Sono tempi tristi questi, dove non sembrano esserci figure carismatiche  e competenti. Tutti aprono bocca e gli danno fiato senza pensare alle conseguenze, come Grillo che denuncia il colpo di stato – in diretta tv e secondo i regolamenti delle camere unite –  e invoca la rivolta delle piazze, salvo poi far marcia indietro e raccomandare la protesta pacifica. Che abbia ricevuto un’amorevole tirata d’orecchie dal ministro dell’Interno, annamaria Cancellieri, già Questore?
Chi in piazza ci è andato davvero racconta che le poche decine di attivisti grillini ripetevano “golpe” e “rivoluzione” come un mantra isterico, davanti alle forze dell’ordine schierate e preparate al peggio.
Da parte sua Quagliariello, uno dei “saggi” designati da Napolitano ci mette il carico da novanta, dicendo davanti ai microfoni “Non possiamo governare facendo quello che dicono le piazze, la politica è politica”. Chi legge tragga  le conseguenze.
Nichi Vendola, leader di Sel che aveva tenuto fede agli accordi presi, ha annunciato l’apertura di un nuovo cantiere per la rifondazione di una sinistra da iscrivere al partito socialista europeo.

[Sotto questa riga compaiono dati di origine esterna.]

lemma exists_permutes_lifting:
  fixes f :: "bool list \<Rightarrow> bool list"
  assumes f: "\<forall>x\<in>Zvec n. f x \<in> Zvec n"
    and fibres: "\<forall>y\<in>Zvec n. card {x\<in>Zvec n. f x = y} \<le> 2 ^ q"
    and x0: "x0 \<in> Zvec n"
  defines "z \<equiv> replicate q False"
  shows "\<exists>h U. h permutes Zvec (n + q) \<and> {x. h x \<noteq> x} \<subseteq> U \<and> f x0 @ z \<in> U
                \<and> finite U \<and> card U < 2 ^ (n + 1) \<and> (\<forall>x\<in>Zvec n. take n (h (x @ z)) = f x)"
proof -
  obtain g where g_inj: "inj_on g (Zvec n)"
    and g: "\<forall>x\<in>Zvec n. g x \<in> Zvec (n + q) \<and> take n (g x) = f x"
    and g_x0: "g x0 = f x0 @ z"
    using exists_injective_lift[OF f fibres x0] unfolding z_def by blast
  define A where "A = (\<lambda>x. x @ z) ` Zvec n"
  define \<sigma> where "\<sigma> = g \<circ> take n"
  have "take n ` A = id ` Zvec n"
    unfolding A_def image_image by (rule image_cong) (simp_all add: Zvec_def)
  then have take_A: "take n ` A = Zvec n" by simp
  have inj_take: "inj_on (take n) A" by (auto simp: A_def inj_on_def Zvec_def)
  have \<sigma>_inj: "inj_on \<sigma> A"
    unfolding \<sigma>_def using inj_take g_inj take_A by (simp add: comp_inj_on)
  have \<sigma>_A: "\<sigma> ` A = g ` Zvec n"
    by (metis \<sigma>_def image_comp take_A)
  have finA: "finite A" by (simp add: A_def finite_Zvec)
  have "A \<subseteq> Zvec (n + q)" by (auto simp: A_def z_def Zvec_def)
  moreover have "\<sigma> ` A \<subseteq> Zvec (n + q)" unfolding \<sigma>_A using g by blast
  ultimately obtain h where h: "h permutes Zvec (n + q)" "{x. h x \<noteq> x} \<subseteq> A \<union> \<sigma> ` A"
      "\<forall>a\<in>A. h a = \<sigma> a"
    using permutes_extension[OF finA \<sigma>_inj] by blast
  moreover have u: "f x0 @ z \<in> A \<inter> \<sigma> ` A"
  proof
    show "f x0 @ z \<in> A" using f x0 by (simp add: A_def)
    show "f x0 @ z \<in> \<sigma> ` A" unfolding \<sigma>_A using x0 g_x0 by (metis image_eqI)
  qed
  moreover have "finite (A \<union> \<sigma> ` A)" using finA by simp
  moreover have "card (A \<union> \<sigma> ` A) < 2 ^ (n + 1)"
  proof -
    have "card A = 2 ^ n" by (simp add: A_def card_image inj_on_def card_Zvec)
    then show ?thesis using card_Un_image_less[OF finA \<sigma>_inj] u by auto
  qed
  moreover have "take n (h (x @ z)) = f x" if "x \<in> Zvec n" for x
    using h(3) g that by (auto simp: A_def \<sigma>_def Zvec_def)
  ultimately show ?thesis by blast
qed

lemma exists_evenperm_lifting:
  fixes f :: "bool list \<Rightarrow> bool list"
  assumes "0 < q"
    and f: "\<forall>x\<in>Zvec n. f x \<in> Zvec n"
    and fibres: "\<forall>y\<in>Zvec n. card {x\<in>Zvec n. f x = y} \<le> 2 ^ q"
  shows "\<exists>h. h permutes Zvec (n + q) \<and> evenperm h \<and>
            card {x\<in>Zvec (n + q). h x \<noteq> x} \<le> 2 ^ (n + 1) \<and>
            (\<forall>x\<in>Zvec n. psi (n + q) n (h (phi n (n + q) x)) = f x)"
proof -
  define z where "z = replicate q False"
  define x0 where "x0 = replicate n False"
  have "x0 \<in> Zvec n" by (simp add: x0_def Zvec_def)
  then obtain h U where h: "h permutes Zvec (n + q)" "{x. h x \<noteq> x} \<subseteq> U" "f x0 @ z \<in> U"
      "finite U" "card U < 2 ^ (n + 1)" "\<forall>x\<in>Zvec n. take n (h (x @ z)) = f x"
    using exists_permutes_lifting[OF f fibres] unfolding z_def by blast
  text \<open>If h is odd, compose it with a transposition of two points that agree on the first n lines.\<close>
  define u v where "u = f x0 @ z" and "v = f x0 @ True # replicate (q - 1) False"
  define h' where "h' = (if evenperm h then h else transpose u v \<circ> h)"
  have uv: "u \<noteq> v" "u \<in> Zvec (n + q)" "v \<in> Zvec (n + q)" "take n u = take n v"
    using assms(1) f \<open>x0 \<in> Zvec n\<close> by (cases q; auto simp: u_def v_def z_def Zvec_def)+
  have "h' permutes Zvec (n + q)"
    using h(1) uv by (simp add: h'_def permutes_compose permutes_swap_id)
  moreover have "evenperm h'"
    using permutes_imp_permutation[OF finite_Zvec h(1)] uv
    by (simp add: h'_def evenperm_transpose_comp)
  moreover have "card {x\<in>Zvec (n + q). h' x \<noteq> x} \<le> 2 ^ (n + 1)"
  proof -
    have "{x. h' x \<noteq> x} \<subseteq> {x. h x \<noteq> x} \<union> {u, v}"
      using support_transpose_comp[of u v h] by (auto simp: h'_def)
    then have "{x\<in>Zvec (n + q). h' x \<noteq> x} \<subseteq> insert v U"
      using h(2,3) by (auto simp: u_def)
    then have "card {x\<in>Zvec (n + q). h' x \<noteq> x} \<le> card (insert v U)"
      by (rule card_mono[rotated]) (simp add: h(4))
    also have "\<dots> \<le> card U + 1" using h(4) by (simp add: card_insert_if)
    finally show ?thesis using h(5) by linarith
  qed
  moreover have "take n (h' y) = take n (h y)" for y
    using uv(4) by (simp add: h'_def transpose_def)
  ultimately show ?thesis
    using h(6) by (auto simp: psi_def phi_def z_def)
qed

A nemmeno un giorno dalla riconferma di Napolitano, intanto, già si rincorrono le voci su una possibile composizione del futuro governo, con papabili Enrico Letta e Giuliano Amato, nonchè Monti al ministero degli Esteri. Il vecchio che avanza e non arretra, a meno che non si voglia considerare una novità il già pensionato Amato, già primo ministro qualche lustro addietro e sempre presente sulla scena politica.
Intanto domani Giorgio Napolitano renderà note le motivazioni che l’hanno spinto a tornare sui suoi passi e chissà che non faccia delle rivelazioni “scioccanti”.